- [Task goal] In the records below, begin at the line containing "using shift by" and end at the line containing "by (simp add: integral_neg)"; quote every line in that span exactly, including both boundary lines, and no others.

[Stored data entries]
(* Let $f\colon\mathbb R\times\mathbb R\times\mathbb Z^3\to\mathbb C$, $a\in\mathbb Z^3$, $T\ge1$, let $J\subseteq[0,T]$ be an interval, and let $A,N\ge1$ with $|a|\lesssim A\ll N$. Assume that for all $|t|,|t'|\le T$ and $n\in\mathbb Z^3$: $|f(t,t',n)|\le A\langle n\rangle^{-3}$, $|f(t,t',n)-f(t,t',-n)|\le A\langle n\rangle^{-4}$, and $|\partial_{t'}f(t,t',n)|\le A\langle n\rangle^{-4}$. Then $$\sup_{\lambda\in\mathbb R}\sup_{|t|\le T}\Big|\sum_{n\in\mathbb Z^3}\chi_N(n)\int_0^t1_J(t')\sin((t-t')\langle a+n\rangle)\cos((t-t')\langle n\rangle)e^{i\lambda t'}f(t,t',n)\,dt'\Big|\lesssim T^2A^3\log(2+N)N^{-1}.$$
   Context: $\langle n\rangle=(1+|n|^2)^{1/2}$. $N$ is dyadic and $\chi_N\colon\mathbb Z^3\to[0,1]$ is the Littlewood–Paley symbol ($\chi_1=\rho_1$, $\chi_N=\rho_N-\rho_{N/2}$ for a fixed smooth radial-type truncation $\rho_N$ to $|n|\lesssim N$), supported on $|n|\sim N$. "$|a|\lesssim A\ll N$" means $|a|\le CA$ for an absolute constant $C$ and $N\ge C'A$ for a sufficiently large absolute constant $C'$. Implicit constants are absolute. *)

theory Defs
  imports "HOL-Analysis.Analysis"
begin

type_synonym z3 = "int \<times> int \<times> int"

definition z3norm :: "z3 \<Rightarrow> real" where
  "z3norm n = (case n of (x,y,z) \<Rightarrow> sqrt (real_of_int x ^ 2 + real_of_int y ^ 2 + real_of_int z ^ 2))"

definition jbr :: "z3 \<Rightarrow> real" where
  "jbr n = sqrt (1 + (z3norm n) ^ 2)"

definition z3add :: "z3 \<Rightarrow> z3 \<Rightarrow> z3" where
  "z3add m n = (case m of (a,b,c) \<Rightarrow> case n of (x,y,z) \<Rightarrow> (a+x, b+y, c+z))"

definition z3neg :: "z3 \<Rightarrow> z3" where
  "z3neg n = (case n of (x,y,z) \<Rightarrow> (-x, -y, -z))"

definition trunc_profile :: "(real \<Rightarrow> real) \<Rightarrow> bool" where
  "trunc_profile \<rho> \<longleftrightarrow>
     (\<forall>k x. ((deriv ^^ k) \<rho>) differentiable (at x)) \<and>
     (\<forall>r. 0 \<le> \<rho> r \<and> \<rho> r \<le> 1) \<and>
     (\<forall>r. \<bar>r\<bar> \<le> 1 \<longrightarrow> \<rho> r = 1) \<and>
     (\<forall>r. \<bar>r\<bar> \<ge> 2 \<longrightarrow> \<rho> r = 0) \<and>
     (\<forall>r s. 0 \<le> r \<longrightarrow> r \<le> s \<longrightarrow> \<rho> s \<le> \<rho> r)"

definition rhoN :: "(real \<Rightarrow> real) \<Rightarrow> real \<Rightarrow> z3 \<Rightarrow> real" where
  "rhoN \<rho> N n = \<rho> (z3norm n / N)"

definition chiLP :: "(real \<Rightarrow> real) \<Rightarrow> nat \<Rightarrow> z3 \<Rightarrow> real" where
  "chiLP \<rho> k n = (if k = 0 then rhoN \<rho> 1 n
                   else rhoN \<rho> (2 ^ k) n - rhoN \<rho> (2 ^ (k - 1)) n)"

end

theory Submission
  imports Defs
begin

text \<open>Write \<open>sin \<alpha> cos \<beta> = (sin (\<alpha> + \<beta>) + sin (\<alpha> - \<beta>)) / 2\<close>. The part with the fast phase
  \<open>\<langle>a + n\<rangle> + \<langle>n\<rangle>\<close> is an oscillatory integral: shifting by half a period shows
  \<open>\<bar>\<integral> cis (\<mu> x) g x dx\<bar> \<lesssim> T (sup \<bar>g\<bar> + Lip g) / (1 + \<bar>\<mu>\<bar>)\<close>, so the term for \<open>n\<close> is
  \<open>T A N\<^sup>-\<^sup>3\<close> times the resonance weight \<open>1 / (1 + \<bar>\<lambda> \<mp> (\<langle>a + n\<rangle> + \<langle>n\<rangle>)\<bar>)\<close>.
  Up to a coordinate symmetry, \<open>n\<close> lies in the cone where its last coordinate dominates, and
  there the phase increases at rate at least \<open>1/2\<close> along that coordinate; hence the weights
  along one line add up to \<open>O(log N)\<close>, and over the shell \<open>\<bar>n\<bar> \<sim> N\<close> to \<open>O(N\<^sup>2 log N)\<close>.
  The slow phase \<open>\<langle>a + n\<rangle> - \<langle>n\<rangle>\<close> does not oscillate; instead one pairs \<open>n\<close> with \<open>-n\<close>.
  The two phases then add up to the second difference \<open>\<langle>a + n\<rangle> + \<langle>a - n\<rangle> - 2\<langle>n\<rangle> \<le> \<bar>a\<bar>\<^sup>2 / \<langle>n\<rangle>\<close>,
  so \<open>\<bar>sin x + sin y\<bar> \<le> \<bar>x + y\<bar>\<close> and the bound on \<open>f(n) - f(-n)\<close> give \<open>O(T\<^sup>2 A\<^sup>3 N\<^sup>-\<^sup>4)\<close>
  per pair, summed over \<open>O(N\<^sup>3)\<close> lattice points.\<close>

section \<open>Oscillatory integrals\<close>

text \<open>Shifting \<open>x\<close> by half a period \<open>h = \<pi>/\<bar>\<mu>\<bar>\<close> flips the sign of \<open>cis (\<mu> x)\<close>; averaging the
  two representations of the integral leaves two end pieces of length \<open>h\<close> and the variation
  of \<open>g\<close> under the shift.\<close>

lemma integral_cis_half_period_shift:
  fixes g :: "real \<Rightarrow> complex"
  assumes cont: "continuous_on {c..d} g" and h: "h = pi / \<bar>\<mu>\<bar>" and mu: "\<mu> \<noteq> 0" and chd: "c + h \<le> d"
  shows "2 * integral {c..d} (\<lambda>x. cis (\<mu> * x) * g x)
    = integral {c..c+h} (\<lambda>x. cis (\<mu> * x) * g x) + integral {d-h..d} (\<lambda>x. cis (\<mu> * x) * g x)
      + integral {c..d-h} (\<lambda>x. cis (\<mu> * x) * (g x - g (x + h)))"
proof -
  define F where "F = (\<lambda>x. cis (\<mu> * x) * g x)"
  have h0: "0 < h" using mu by (simp add: h)
  have shift: "cis (\<mu> * (x + h)) = - cis (\<mu> * x)" for x
  proof -
    have "\<mu> * h = pi \<or> \<mu> * h = - pi" using mu by (auto simp: h abs_if)
    then have "cis (\<mu> * h) = -1" by (auto simp: cis.ctr complex_eq_iff)
    then show ?thesis by (simp add: distrib_left cis_mult[symmetric])
  qed
  have Fint: "F integrable_on {c..d}"
    unfolding F_def by (intro integrable_continuous_interval continuous_intros cont)
  have gc: "continuous_on {c..d-h} g" "continuous_on {c..d-h} (\<lambda>x. g (x + h))"
    using h0 by (auto intro!: continuous_on_subset[OF cont] continuous_on_compose2[OF cont] continuous_intros)
  have left: "integral {c..d} F = integral {c..d-h} F + integral {d-h..d} F"
    using Henstock_Kurzweil_Integration.integral_combine[of c "d-h" d F] Fint chd h0 by auto
  have "integral {c..d} F = integral {c..c+h} F + integral {c+h..d} F"
    using Henstock_Kurzweil_Integration.integral_combine[of c "c+h" d F] Fint chd h0 by auto
  also have "integral {c+h..d} F = integral {c..d-h} (F \<circ> (+) h)"
    using integral_shift_Icc_real[of c "d-h" F h] by (simp add: add.commute)
  also have "F \<circ> (+) h = (\<lambda>x. - (cis (\<mu> * x) * g (x + h)))"
    using shift by (auto simp: F_def add.commute[of h])
  finally have right: "integral {c..d} F
      = integral {c..c+h} F - integral {c..d-h} (\<lambda>x. cis (\<mu> * x) * g (x + h))"
    by (simp add: integral_neg)
  have "integral {c..d-h} F - integral {c..d-h} (\<lambda>x. cis (\<mu> * x) * g (x + h))
      = integral {c..d-h} (\<lambda>x. cis (\<mu> * x) * (g x - g (x + h)))"
    unfolding F_def
    by (subst integral_diff[symmetric])
      (auto simp: algebra_simps intro!: integrable_continuous_interval continuous_intros gc)
  then show ?thesis using left right unfolding F_def by (simp add: algebra_simps)
qed

lemma oscillatory_integral_le:
  fixes g :: "real \<Rightarrow> complex"
  assumes cd: "c \<le> d" and bound: "\<And>x. x \<in> {c..d} \<Longrightarrow> norm (g x) \<le> M"
    and lip: "L-lipschitz_on {c..d} g" and mu: "\<mu> \<noteq> 0"
  shows "norm (integral {c..d} (\<lambda>x. cis (\<mu> * x) * g x)) \<le> (M + (d - c) * L / 2) * (pi / \<bar>\<mu>\<bar>)"
proof -
  define h where "h = pi / \<bar>\<mu>\<bar>"
  have h0: "h > 0" using mu by (simp add: h_def)
  have M0: "0 \<le> M" using bound[of c] cd by (auto intro: order_trans[OF norm_ge_zero])
  have L0: "0 \<le> L" using lip by (rule lipschitz_on_nonneg)
  have cont: "continuous_on {c..d} g" using lip by (rule lipschitz_on_continuous_on)
  have piece: "norm (integral {u..v} (\<lambda>x. cis (\<mu> * x) * g x)) \<le> M * (v - u)"
    if "c \<le> u" "u \<le> v" "v \<le> d" for u v
    using that bound
    by (intro integral_bound) (auto simp: norm_mult intro!: continuous_intros continuous_on_subset[OF cont])
  show ?thesis
  proof (cases "d - c \<le> h")
    case True
    have "norm (integral {c..d} (\<lambda>x. cis (\<mu> * x) * g x)) \<le> M * h"
      using piece[of c d] cd True M0 by (meson order_refl order_trans mult_left_mono)
    also have "\<dots> \<le> (M + (d - c) * L / 2) * h" using cd L0 h0 by (intro mult_right_mono) auto
    finally show ?thesis by (simp add: h_def)
  next
    case False
    then have chd: "c + h \<le> d" by simp
    have ends: "norm (integral {c..c+h} (\<lambda>x. cis (\<mu> * x) * g x)) \<le> M * h"
      "norm (integral {d-h..d} (\<lambda>x. cis (\<mu> * x) * g x)) \<le> M * h"
      using piece[of c "c+h"] piece[of "d-h" d] chd h0 by auto
    have variation: "norm (integral {c..d-h} (\<lambda>x. cis (\<mu> * x) * (g x - g (x + h)))) \<le> L * h * ((d - h) - c)"
    proof (rule integral_bound)
      show "c \<le> d - h" using chd by simp
      show "continuous_on {c..d - h} (\<lambda>x. cis (\<mu> * x) * (g x - g (x + h)))"
        using h0 by (auto intro!: continuous_intros continuous_on_subset[OF cont]
            continuous_on_compose2[OF cont])
      fix x assume "x \<in> {c..d-h}"
      then have "norm (g x - g (x + h)) \<le> L * norm (x - (x + h))"
        using h0 by (intro lipschitz_on_normD[OF lip]) auto
      then show "norm (cis (\<mu> * x) * (g x - g (x + h))) \<le> L * h"
        using h0 by (simp add: norm_mult)
    qed
    have "norm (2 * integral {c..d} (\<lambda>x. cis (\<mu> * x) * g x)) \<le> M * h + M * h + L * h * ((d - h) - c)"
      unfolding integral_cis_half_period_shift[OF cont h_def mu chd]
      by (intro order_trans[OF norm_triangle_ineq] add_mono ends variation)
    also have "\<dots> = 2 * M * h + L * h * (d - c) - L * h * h" by (simp add: algebra_simps)
    also have "\<dots> \<le> 2 * ((M + (d - c) * L / 2) * h)"
      using mult_nonneg_nonneg[OF L0, of "h * h"] h0 by (simp add: field_simps)
    finally show ?thesis by (simp add: h_def)
  qed
qed

lemma oscillatory_integral_le_decay:
  fixes g :: "real \<Rightarrow> complex"
  assumes cd: "c \<le> d" "d - c \<le> T" and T1: "1 \<le> T"
    and bound: "\<And>x. x \<in> {c..d} \<Longrightarrow> norm (g x) \<le> M" and lip: "L-lipschitz_on {c..d} g"
  shows "norm (integral {c..d} (\<lambda>x. cis (\<mu> * x) * g x)) \<le> 2 * pi * T * (M + L) / (1 + \<bar>\<mu>\<bar>)"
proof -
  have M0: "0 \<le> M" using bound[of c] cd by (auto intro: order_trans[OF norm_ge_zero])
  have L0: "0 \<le> L" using lip by (rule lipschitz_on_nonneg)
  have cont: "continuous_on {c..d} g" using lip by (rule lipschitz_on_continuous_on)
  have TM: "M \<le> T * M" "(d - c) * M \<le> T * M" and TL: "(d - c) * L \<le> T * L" "0 \<le> T * L"
    using mult_right_mono[OF T1 M0] mult_right_mono[OF cd(2) M0] mult_right_mono[OF cd(2) L0] T1 L0
    by auto
  then have size: "M + (d - c) * L / 2 \<le> T * (M + L)"
    by (simp add: distrib_left)
  show ?thesis
  proof (cases "\<bar>\<mu>\<bar> < 1")
    case True
    have "norm (integral {c..d} (\<lambda>x. cis (\<mu> * x) * g x)) \<le> M * (d - c)"
      using cd bound by (intro integral_bound) (auto simp: norm_mult intro!: continuous_intros cont)
    also have "\<dots> \<le> T * (M + L)" using TM TL by (simp add: distrib_left mult.commute)
    also have "\<dots> \<le> 2 * pi * T * (M + L) / (1 + \<bar>\<mu>\<bar>)"
    proof -
      have "T * (M + L) * (1 + \<bar>\<mu>\<bar>) \<le> T * (M + L) * (2 * pi)"
        using True pi_ge_two T1 M0 L0 by (intro mult_left_mono) auto
      then show ?thesis by (simp add: pos_le_divide_eq add_pos_nonneg mult_ac)
    qed
    finally show ?thesis .
  next
    case False
    have "norm (integral {c..d} (\<lambda>x. cis (\<mu> * x) * g x)) \<le> (M + (d - c) * L / 2) * (pi / \<bar>\<mu>\<bar>)"
      using False by (intro oscillatory_integral_le[OF cd(1) bound lip]) auto
    also have "\<dots> \<le> T * (M + L) * (2 * pi / (1 + \<bar>\<mu>\<bar>))"
      by (intro mult_mono size) (use False T1 M0 L0 in \<open>auto simp: field_simps\<close>)
    finally show ?thesis by (simp add: mult_ac)
  qed
qed

lemma of_real_sin_mult_cis:
  "complex_of_real (sin ((t - x) * w)) * cis (lam * x) =
     (cis (t * w) * cis ((lam - w) * x) - cis (- (t * w)) * cis ((lam + w) * x)) / (2 * \<i>)"
proof -
  have "cis ((t - x) * w) - cis (- ((t - x) * w)) = 2 * \<i> * complex_of_real (sin ((t - x) * w))"
    by (simp add: cis.ctr complex_eq_iff)
  moreover have "cis ((t - x) * w) * cis (lam * x) = cis (t * w) * cis ((lam - w) * x)"
    "cis (- ((t - x) * w)) * cis (lam * x) = cis (- (t * w)) * cis ((lam + w) * x)"
    unfolding cis_mult by (simp_all add: algebra_simps)
  ultimately show ?thesis by (simp add: field_simps)
qed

- [Exercise output]
    using shift by (auto simp: F_def add.commute[of h])
  finally have right: "integral {c..d} F
      = integral {c..c+h} F - integral {c..d-h} (\<lambda>x. cis (\<mu> * x) * g (x + h))"
    by (simp add: integral_neg)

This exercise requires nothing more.